静岡県掛川市。ここに、初代・紀伊田辺藩主であった安藤直次(あんどうなおつぐ)が治めた、遠江国掛川城がある。
安藤直次(1555―1635)は家康の側近として初期の幕政を取り仕切った。徳川頼宣付の家老に任ぜられ、駿河国の政権への参画や、大坂の陣においては年少であった頼宣に代わって軍を率いるなど徳川家と深い関係にあり、1600年から1616年まで幕府老中を務めている。1617年に遠江国掛川城主となり、1619年、頼宣が紀伊国和歌山城に移る際、紀州藩付家老として掛川を後にし、紀伊国田辺城と3万8千石の所領を与えられるなど、頼宣から厚い信任を受けたという。その後、安藤家は明治維新を迎えるまで18代に渡り、紀伊国田辺藩を治めた。

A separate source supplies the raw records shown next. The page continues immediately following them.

(*
  In both graphs every vertex x has a hub h x (itself, if x is a hub), and for x \<noteq> y every
  x-y walk visits P(x, y) = {x, h x, h y, y}, while P(x, y) itself carries such a walk of length
  |P(x, y)| - 1. Hence \<delta>^t_xy(G[S]) = \<delta>^(|P(x, y)| - 1) if P(x, y) \<subseteq> S and 0 otherwise, so
  v^G is a positive combination of the unanimity games of the sets P(x, y); since the
  conference structure is the edge set, r^v^G_H = v^G. Removing player i deletes exactly the
  games with i \<in> P(x, y), and a unanimity game on T pays 1/|T| to each member of T, so
  b^j_i is the sum of \<delta>^(|P| - 1) / |P| over the ordered pairs x \<noteq> y with i, j \<in> P(x, y).
  Counting these pairs gives the four formulas; the comparisons are elementary, and N is
  non-increasing.
*)

theory Submission
  imports Defs
begin

section \<open>Shapley values of unanimity games\<close>

lemma shapley_cong:
  assumes "j \<in> X" and "\<And>S. S \<subseteq> X \<Longrightarrow> u S = u' S"
  shows "shapley X u j = shapley X u' j"
proof -
  have "u (insert j S) = u' (insert j S)" and "u S = u' S" if "S \<in> Pow (X - {j})" for S
    using that assms(1) by (auto intro!: assms(2))
  then show ?thesis unfolding shapley_def by (auto intro!: sum.cong)
qed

掛川城は、1854年の安政東海地震で天守を含む建物の大半が倒壊。天守は再建されずにいた。平成になった1994年、掛川市在住の個人や企業の寄付を通じ再建。秋田県産のヒバを用いた日本初の木造復元天守で、当時の図面を使い、材料や工法に沿い忠実に復元されている。一般開放されており筆者も訪れた。木造の味わいがあり、急な階段が歴史の重みを感じさせた。
周辺の市街地では景観への配慮による電柱の地中化整備など、天守の再建を機に城下町としての観光資源化も進む。奇遇にも、かつて紀伊国田辺城があったとされる田辺市上屋敷周辺の県道210号や29号でも同様の整備がされており、街の雰囲気が掛川と酷似しているように思えてならない。安藤直次によるまちづくりの共通点が、掛川と田辺にあるのかもしれない。